Michael Stang, HITS Journalist in Residence 2016 (Photo: HITS)
German science journalist Michael Stang was the fifth “Journalist in Residence” at the Heidelberg Institute for Theoretical Studies (HITS). For the second time, the program was announced internationally; 40 candidates from 23 countries had applied. A jury consisting of science journalists and scientists from universities, Max Planck Institutes and HITS, selected Michael Stang to be the “HITS Journalist in Residence 2016”. He stayed at the institute from February until June 2016.
Stang studied Physical Anthropology, Social Anthropology and Palaeontology/Geology at Mainz University. After this Master´s Degree, he was awarded a scholarship for science journalism by the Bertelsmann Foundation, including stages at print and radio outlets. Since 2005, he has been working as a freelance reporter in Cologne, Germany, working for radio stations in Germany (Deutschlandradio, WDR, BR, SWR), Austria (ORF) and Switzerland (SRF) as well as for newspapers and magazines (e.g. Frankfurter Allgemeine Sonntagszeitung). According to his statement “science is not a national business”, he has been reporting from more than 30 countries. Moreover, he is highly committed to cross-border journalism. He is a member of “journalists.network”, a research network for young journalists who want to learn how to cover stories from abroad. He also works voluntarily as an ambassador for “Hostwriter”, a global collaboration network for journalists.
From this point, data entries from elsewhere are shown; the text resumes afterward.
(* Let $\mathcal{H}$ be a two-sided quaternionic Hilbert space whose inner product $\langle\cdot,\cdot\rangle$ satisfies in addition $\langle u,\lambda v\rangle=\langle\bar\lambda u,v\rangle$ for all $u,v\in\mathcal{H}$, $\lambda\in\mathbb{H}$. Then for each $n\ge1$ the formula $$\langle u_1\otimes\cdots\otimes u_n,\ v_1\otimes\cdots\otimes v_n\rangle=\langle\langle\cdots\langle\langle\langle u_1,v_1\rangle u_2,v_2\rangle u_3,v_3\rangle\cdots\rangle u_n,v_n\rangle$$ (extended additively) defines a quaternionic inner product on $\mathcal{H}^{\otimes n}$, which moreover satisfies the same additional property $\langle x,\lambda y\rangle=\langle\bar\lambda x,y\rangle$ for $x,y\in\mathcal{H}^{\otimes n}$, $\lambda\in\mathbb{H}$.
   Context: $\mathbb{H}$ denotes the quaternions. A quaternionic inner product on a right (or two-sided) $\mathbb{H}$-vector space $V$ is a map $\langle\cdot,\cdot\rangle:V\times V\to\mathbb{H}$ which is additive in each argument, satisfies $\langle u\alpha,v\beta\rangle=\bar\beta\langle u,v\rangle\alpha$ for $\alpha,\beta\in\mathbb{H}$, $\langle v,u\rangle=\overline{\langle u,v\rangle}$, and $\langle u,u\rangle\ge0$ with equality only for $u=0$. A two-sided quaternionic Hilbert space is an $\mathbb{H}$-bimodule with such an inner product, complete for the induced norm. $\mathcal{H}^{\otimes n}=\mathcal{H}\otimes_{\mathbb{H}}\cdots\otimes_{\mathbb{H}}\mathcal{H}$ ($n$ factors) is the tensor product of $\mathbb{H}$-bimodules (so $u\lambda\otimes v=u\otimes\lambda v$), itself an $\mathbb{H}$-bimodule with $\lambda(u_1\otimes\cdots\otimes u_n)=(\lambda u_1)\otimes\cdots\otimes u_n$ and $(u_1\otimes\cdots\otimes u_n)\lambda=u_1\otimes\cdots\otimes(u_n\lambda)$. In the formula, $\langle u_1,v_1\rangle u_2$ denotes left multiplication of $u_2$ by the quaternion $\langle u_1,v_1\rangle$. *)

theory Defs
  imports Complex_Main
begin

datatype quat = Quat (qRe: real) (qI: real) (qJ: real) (qK: real)

instantiation quat :: ring_1
begin
definition "0 = Quat 0 0 0 0"
definition "1 = Quat 1 0 0 0"
definition "p + q = Quat (qRe p + qRe q) (qI p + qI q) (qJ p + qJ q) (qK p + qK q)"
definition "p - q = Quat (qRe p - qRe q) (qI p - qI q) (qJ p - qJ q) (qK p - qK q)"
definition "- p = Quat (- qRe p) (- qI p) (- qJ p) (- qK p)"
definition "p * q = Quat
   (qRe p * qRe q - qI p * qI q - qJ p * qJ q - qK p * qK q)
   (qRe p * qI q + qI p * qRe q + qJ p * qK q - qK p * qJ q)
   (qRe p * qJ q - qI p * qK q + qJ p * qRe q + qK p * qI q)
   (qRe p * qK q + qI p * qJ q - qJ p * qI q + qK p * qRe q)"
instance
  by standard (auto simp: zero_quat_def one_quat_def plus_quat_def minus_quat_def
      uminus_quat_def times_quat_def algebra_simps)
end

definition qcnj :: "quat \<Rightarrow> quat" where
  "qcnj q = Quat (qRe q) (- qI q) (- qJ q) (- qK q)"

definition qnonneg :: "quat \<Rightarrow> bool" where
  "qnonneg q \<longleftrightarrow> qI q = 0 \<and> qJ q = 0 \<and> qK q = 0 \<and> qRe q \<ge> 0"

definition bimodule :: "(quat \<Rightarrow> 'v::ab_group_add \<Rightarrow> 'v) \<Rightarrow> ('v \<Rightarrow> quat \<Rightarrow> 'v) \<Rightarrow> bool" where
  "bimodule lm rm \<longleftrightarrow>
     (\<forall>a b u. lm (a * b) u = lm a (lm b u)) \<and> (\<forall>u. lm 1 u = u) \<and>
     (\<forall>a b u. lm (a + b) u = lm a u + lm b u) \<and> (\<forall>a u v. lm a (u + v) = lm a u + lm a v) \<and>
     (\<forall>a b u. rm u (a * b) = rm (rm u a) b) \<and> (\<forall>u. rm u 1 = u) \<and>
     (\<forall>a b u. rm u (a + b) = rm u a + rm u b) \<and> (\<forall>a u v. rm (u + v) a = rm u a + rm v a) \<and>
     (\<forall>a b u. rm (lm a u) b = lm a (rm u b))"

definition is_qip :: "'w set \<Rightarrow> ('w \<Rightarrow> 'w \<Rightarrow> 'w) \<Rightarrow> 'w \<Rightarrow> ('w \<Rightarrow> quat \<Rightarrow> 'w)
    \<Rightarrow> ('w \<Rightarrow> 'w \<Rightarrow> quat) \<Rightarrow> bool" where
  "is_qip S add z rm ip \<longleftrightarrow>
     (\<forall>u\<in>S. \<forall>v\<in>S. \<forall>w\<in>S. ip (add u v) w = ip u w + ip v w \<and> ip u (add v w) = ip u v + ip u w) \<and>
     (\<forall>u\<in>S. \<forall>v\<in>S. \<forall>\<alpha> \<beta>. ip (rm u \<alpha>) (rm v \<beta>) = qcnj \<beta> * ip u v * \<alpha>) \<and>
     (\<forall>u\<in>S. \<forall>v\<in>S. ip v u = qcnj (ip u v)) \<and>
     (\<forall>u\<in>S. qnonneg (ip u u) \<and> (ip u u = 0 \<longrightarrow> u = z))"

definition hnorm :: "('v \<Rightarrow> 'v \<Rightarrow> quat) \<Rightarrow> 'v \<Rightarrow> real" where
  "hnorm ip u = sqrt (qRe (ip u u))"

definition hcomplete :: "('v::ab_group_add \<Rightarrow> 'v \<Rightarrow> quat) \<Rightarrow> bool" where
  "hcomplete ip \<longleftrightarrow> (\<forall>x :: nat \<Rightarrow> 'v.
     (\<forall>e>0. \<exists>N. \<forall>m\<ge>N. \<forall>k\<ge>N. hnorm ip (x m - x k) < e) \<longrightarrow>
     (\<exists>l. (\<lambda>k. hnorm ip (x k - l)) \<longlonglongrightarrow> 0))"

definition two_sided_qhs :: "(quat \<Rightarrow> 'v::ab_group_add \<Rightarrow> 'v) \<Rightarrow> ('v \<Rightarrow> quat \<Rightarrow> 'v)
    \<Rightarrow> ('v \<Rightarrow> 'v \<Rightarrow> quat) \<Rightarrow> bool" where
  "two_sided_qhs lm rm ip \<longleftrightarrow> bimodule lm rm \<and> is_qip UNIV (+) 0 rm ip \<and> hcomplete ip"

text \<open>Free abelian group on n-tuples (lists of length n): finitely supported integer
  functions on lists, supported on lists of length n.\<close>
definition fsums :: "nat \<Rightarrow> ('v list \<Rightarrow> int) set" where
  "fsums n = {f. finite {xs. f xs \<noteq> 0} \<and> (\<forall>xs. f xs \<noteq> 0 \<longrightarrow> length xs = n)}"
Michael Stang used his stay to interact with the researchers at HITS and to learn more about data-driven science. Stang gave an internal as well as pulic talk about radio science journalism today, giving insights into his current work life.
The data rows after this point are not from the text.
(* In the setting of the context, fix a round $t>n$ and suppose the event $\mathcal E'_t=\{\forall M\in\mathcal M:\ |\theta(M)-\widehat\theta_t(M)|\le C_t\|\chi_M\|_{A_{\mathbf x_t}^{-1}}\}$ occurs. If SAQM terminates at round $t$, returning $\widehat M^*=\widehat M^*_t$, then $\theta(M^* )-\theta(\widehat M^* )\le\varepsilon$.
   Context: Setting: $n$ arms with unknown means $\theta\in\mathbb{R}^n$; integer $2\le k\le n$; $\mathcal M=\{M\subseteq[n]:|M|=k\}$; $\theta(S)=\sum_{e\in S}\theta(e)$; $\chi_M$ the indicator vector of $M$; $M^*=\arg\max_{M\in\mathcal M}\theta(M)$. After $t$ pulls $M_1,\dots,M_t$ with full-bandit observations $r_{M_i}$, $A_{\mathbf x_t}=\sum_{i\le t}\chi_{M_i}\chi_{M_i}^\top$ (invertible), $\widehat\theta_t=A_{\mathbf x_t}^{-1}\sum_{i\le t}\chi_{M_i}r_{M_i}$, $\|x\|_B=\sqrt{x^\top Bx}$, $\widehat M^*_t=\arg\max_{M\in\mathcal M}\widehat\theta_t(M)$, and $C_t>0$ is a confidence radius. SAQM computes $M'_t\in\mathcal M$ with $\|\chi_{M'_t}\|_{A_{\mathbf x_t}^{-1}}\ge\alpha_t\max_{M\in\mathcal M}\|\chi_M\|_{A_{\mathbf x_t}^{-1}}$ for some $\alpha_t\in(0,1]$, sets $Z_t=C_t\|\chi_{M'_t}\|_{A_{\mathbf x_t}^{-1}}$, and terminates at round $t$ exactly when $\widehat\theta_t(\widehat M^*_t)-C_t\|\chi_{\widehat M^*_t}\|_{A_{\mathbf x_t}^{-1}}\ge\max_{M\in\mathcal M\setminus\{\widehat M^*_t\}}\widehat\theta_t(M)+Z_t/\alpha_t-\varepsilon$, where $\varepsilon>0$ is the accuracy parameter. *)

theory Defs
  imports "HOL-Analysis.Analysis"
begin

text \<open>Arms are the elements of a finite type 'n, so n = CARD('n).\<close>

definition chi :: "'n::finite set \<Rightarrow> real^'n" where
  "chi M = (\<chi> i. if i \<in> M then 1 else 0)"

definition setval :: "real^'n::finite \<Rightarrow> 'n set \<Rightarrow> real" where
  "setval \<theta> S = (\<Sum>e\<in>S. \<theta> $ e)"

definition superarms :: "nat \<Rightarrow> ('n::finite) set set" where
  "superarms k = {M. card M = k}"

definition outer :: "real^'n \<Rightarrow> real^'n \<Rightarrow> real^'n^'n" where
  "outer x y = (\<chi> i j. x $ i * y $ j)"

definition design :: "(nat \<Rightarrow> 'n::finite set) \<Rightarrow> nat \<Rightarrow> real^'n^'n" where
  "design pulls t = (\<Sum>i\<in>{1..t}. outer (chi (pulls i)) (chi (pulls i)))"

definition theta_hat :: "(nat \<Rightarrow> 'n::finite set) \<Rightarrow> (nat \<Rightarrow> real) \<Rightarrow> nat \<Rightarrow> real^'n" where
  "theta_hat pulls r t = matrix_inv (design pulls t) *v (\<Sum>i\<in>{1..t}. r i *\<^sub>R chi (pulls i))"

definition mnorm :: "real^'n^'n \<Rightarrow> real^'n \<Rightarrow> real" where
  "mnorm B x = sqrt (x \<bullet> (B *v x))"

end

theory Submission
  imports Defs
begin

text \<open>Under the confidence event the true value of any competitor M exceeds the
  estimated one by at most C w(M), and w(M) is at most w(M')/\<alpha> by the approximation
  guarantee for M'. The stopping rule makes the pessimistic estimate of the returned
  superarm beat the optimistic estimate of every competitor up to \<epsilon>, so no competitor,
  in particular M*, is better by more than \<epsilon>.\<close>

lemma le_div_of_approx_max:
  fixes w :: "'a \<Rightarrow> real"
  assumes "finite S" "x \<in> S" "0 < \<alpha>" "\<alpha> * Max (w ` S) \<le> y"
  shows "w x \<le> y / \<alpha>"
proof -
  have "\<alpha> * w x \<le> \<alpha> * Max (w ` S)"
    using assms by (intro mult_left_mono Max_ge) auto
  also have "\<dots> \<le> y" by (fact assms(4))
  finally show ?thesis
    using assms(3) by (simp add: pos_le_divide_eq mult.commute)
qed

lemma stopping_rule_eps_optimal:
  fixes val est wid :: "'a \<Rightarrow> real"
  assumes "m \<in> S" "m' \<in> S"
    and conf: "\<forall>M\<in>S. \<bar>val M - est M\<bar> \<le> wid M"
    and wid_bound: "\<forall>M\<in>S. wid M \<le> Z"
    and stop: "\<forall>M\<in>S - {m}. est m - wid m \<ge> est M + Z - \<epsilon>"
    and "0 \<le> \<epsilon>"
  shows "val m' - val m \<le> \<epsilon>"
proof (cases "m' = m")
  case False
  have "val m' \<le> est m' + wid m'" using conf \<open>m' \<in> S\<close> by fastforce
  moreover have "est m - wid m \<le> val m" using conf \<open>m \<in> S\<close> by fastforce
  moreover have "est m - wid m \<ge> est m' + Z - \<epsilon>" using stop \<open>m' \<in> S\<close> False by blast
  ultimately show ?thesis using wid_bound \<open>m' \<in> S\<close> by fastforce
qed (use \<open>0 \<le> \<epsilon>\<close> in simp)

theorem lemma8:
  fixes \<theta> :: "real^'n::finite"
    and k t :: nat
    and pulls :: "nat \<Rightarrow> 'n set"
    and r :: "nat \<Rightarrow> real"
    and C \<alpha> \<epsilon> :: real
    and Mstar Mhat M' :: "'n set"
  defines "A \<equiv> design pulls t"
    and "th \<equiv> theta_hat pulls r t"
    and "w \<equiv> (\<lambda>M. mnorm (matrix_inv (design pulls t)) (chi M))"
  assumes k: "2 \<le> k" "k \<le> CARD('n)"
    and pulls: "\<forall>i\<in>{1..t}. pulls i \<in> superarms k"
    and t: "t > CARD('n)"
    and inv: "invertible A"
    and C: "C > 0"
    and eps: "\<epsilon> > 0"
    and alpha: "0 < \<alpha>" "\<alpha> \<le> 1"
    and Mstar: "Mstar \<in> superarms k" "\<forall>M\<in>superarms k. setval \<theta> M \<le> setval \<theta> Mstar"
    and Mhat: "Mhat \<in> superarms k" "\<forall>M\<in>superarms k. setval th M \<le> setval th Mhat"
    and M': "M' \<in> superarms k" "w M' \<ge> \<alpha> * Max (w ` superarms k)"
    and event: "\<forall>M\<in>superarms k. \<bar>setval \<theta> M - setval th M\<bar> \<le> C * w M"
    and stop: "\<forall>M\<in>superarms k - {Mhat}.
                 setval th Mhat - C * w Mhat \<ge> setval th M + (C * w M') / \<alpha> - \<epsilon>"
  shows "setval \<theta> Mstar - setval \<theta> Mhat \<le> \<epsilon>"
proof -
  have "\<forall>M\<in>superarms k. C * w M \<le> C * w M' / \<alpha>"
  proof
    fix M :: "'n set" assume "M \<in> superarms k"
    then have "w M \<le> w M' / \<alpha>"
      using alpha(1) M'(2) by (intro le_div_of_approx_max) auto
    then show "C * w M \<le> C * w M' / \<alpha>"
      using C by (metis less_imp_le mult_left_mono times_divide_eq_right)
  qed
  then show ?thesis
    using stopping_rule_eps_optimal[OF Mhat(1) Mstar(1) event] stop eps by simp
qed

end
About his stay at HITS he says:
“Unlike in my previous meetings with scientists, here I have the opportunity to experience not just a snapshot of an institution, but to get a deeper, more sustained insight into scientific activities, for example, I regularly attended the meetings of Tilmann Gneiting’s Computational Statistics Group (CST).”
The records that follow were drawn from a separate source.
lemma prime_imp_neg_box_mem:
  assumes "\<forall>a b. join A (box a) b \<in> M \<longrightarrow> a \<in> M \<or> b \<in> M" and "a \<notin> M"
  shows "neg A (box a) \<in> M"
proof -
  have "join A (box a) (neg A (box a)) \<in> M"
    using boolean_join_neg[OF boolean_box] cyclic_ds_top[OF M] by simp
  then show ?thesis
    using assms by blast
qed

lemma neg_box_mem_imp_cimp_mem:
  assumes "\<forall>a. a \<notin> M \<longrightarrow> neg A (box a) \<in> M" and "a \<notin> M"
  shows "cimp A t k a b \<in> M"
  unfolding cimp_eq using assms cyclic_ds_up[OF M] L.sup_ge1 by blast

lemma cimp_mem_imp_maximal:
  assumes cimp_mem: "\<forall>a b. a \<notin> M \<and> b \<notin> M \<longrightarrow> cimp A t k a b \<in> M"
  shows "maximal_cyclic_ds A t k M"
  unfolding maximal_cyclic_ds_def
proof (intro conjI allI impI M proper)
  fix E
  assume E: "cyclic_ds A t k E \<and> E \<noteq> UNIV \<and> M \<subseteq> E"
  then obtain y where y: "y \<notin> E"
    by blast
  show "E = M"
  proof (rule ccontr)
    assume "E \<noteq> M"
    then obtain x where "x \<in> E" "x \<notin> M"
      using E by blast
    then have "y \<in> E"
      using cimp_mem y E unfolding cyclic_ds_def by blast
    then show False
      using y by blast
  qed
qed

end

end

theorem theorem4p3:
  fixes A :: "'a mpm" and t :: "'a \<Rightarrow> 'a" and k :: nat and M :: "'a set"
  assumes "k \<ge> 1"
    and "Ck_algebra A t k"
    and "cyclic_ds A t k M"
    and "M \<noteq> UNIV"
  defines "P1 \<equiv> maximal_cyclic_ds A t k M"
    and "P2 \<equiv> (\<forall>a. a \<notin> M \<longrightarrow> (\<exists>m\<in>M.
                 meet A (bigmeet A (\<lambda>j. (t ^^ j) (triangle A a)) k) m = bot A))"
    and "P3 \<equiv> (\<forall>a b. join A (bigmeet A (\<lambda>j. (t ^^ j) (triangle A a)) k) b \<in> M
                 \<longrightarrow> a \<in> M \<or> b \<in> M)"
    and "P4 \<equiv> (\<forall>a. a \<notin> M \<longrightarrow> neg A (triangle A (bigmeet A (\<lambda>j. (t ^^ j) a) k)) \<in> M)"
    and "P5 \<equiv> (\<forall>a b. a \<notin> M \<and> b \<notin> M \<longrightarrow> cimp A t k a b \<in> M \<and> cimp A t k b a \<in> M)"
  shows "(P1 \<longleftrightarrow> P2) \<and> (P2 \<longleftrightarrow> P3) \<and> (P3 \<longleftrightarrow> P4) \<and> (P4 \<longleftrightarrow> P5)"
proof -
  interpret Ck A t k
    using assms(1,2) unfolding Ck_def Ck_axioms_def mpM_def Ck_algebra_def by blast
  have P2: "P2 \<longleftrightarrow> (\<forall>a. a \<notin> M \<longrightarrow> (\<exists>m\<in>M. meet A (box a) m = bot A))"
    unfolding P2_def box_def ..
  have P3: "P3 \<longleftrightarrow> (\<forall>a b. join A (box a) b \<in> M \<longrightarrow> a \<in> M \<or> b \<in> M)"
    unfolding P3_def box_def ..
  have P4: "P4 \<longleftrightarrow> (\<forall>a. a \<notin> M \<longrightarrow> neg A (box a) \<in> M)"
    unfolding P4_def triangle_bigmeet_funpow ..
  have "P1 \<Longrightarrow> P2"
    unfolding P1_def P2 using maximal_imp_box_disjoint[OF assms(3,4)] by blast
  moreover have "P2 \<Longrightarrow> P3"
    unfolding P2 P3 using box_disjoint_imp_prime[OF assms(3,4)] by blast
  moreover have "P3 \<Longrightarrow> P4"
    unfolding P3 P4 using prime_imp_neg_box_mem[OF assms(3,4)] by blast
  moreover have "P4 \<Longrightarrow> P5"
    unfolding P4 P5_def using neg_box_mem_imp_cimp_mem[OF assms(3,4)] by blast
  moreover have "P5 \<Longrightarrow> P1"
    unfolding P5_def P1_def using cimp_mem_imp_maximal[OF assms(3,4)] by blast
  ultimately show ?thesis
    by blast
qed

end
The Heidelberg Institute for Theoretical Studies (HITS) was established in 2010 by the physicist and SAP co-founder Klaus Tschira (1940-2015) and the Klaus Tschira Foundation as a private, non-profit research institute. HITS conducts basic research in the natural sciences, mathematics and computer science, with a focus on the processing, structuring, and analyzing of large amounts of complex data and the development of computational methods and software. The research fields range from molecular biology to astrophysics. The shareholders of HITS are the HITS-Stiftung, which is a subsidiary of the Klaus Tschira Foundation, Heidelberg University and the Karlsruhe Institute of Technology (KIT). HITS also cooperates with other universities and research institutes and with industrial partners. The base funding of HITS is provided by the HITS Stiftung with funds received from the Klaus Tschira Foundation. The primary external funding agencies are the Federal Ministry of Education and Research (BMBF), the German Research Foundation (DFG), and the European Union.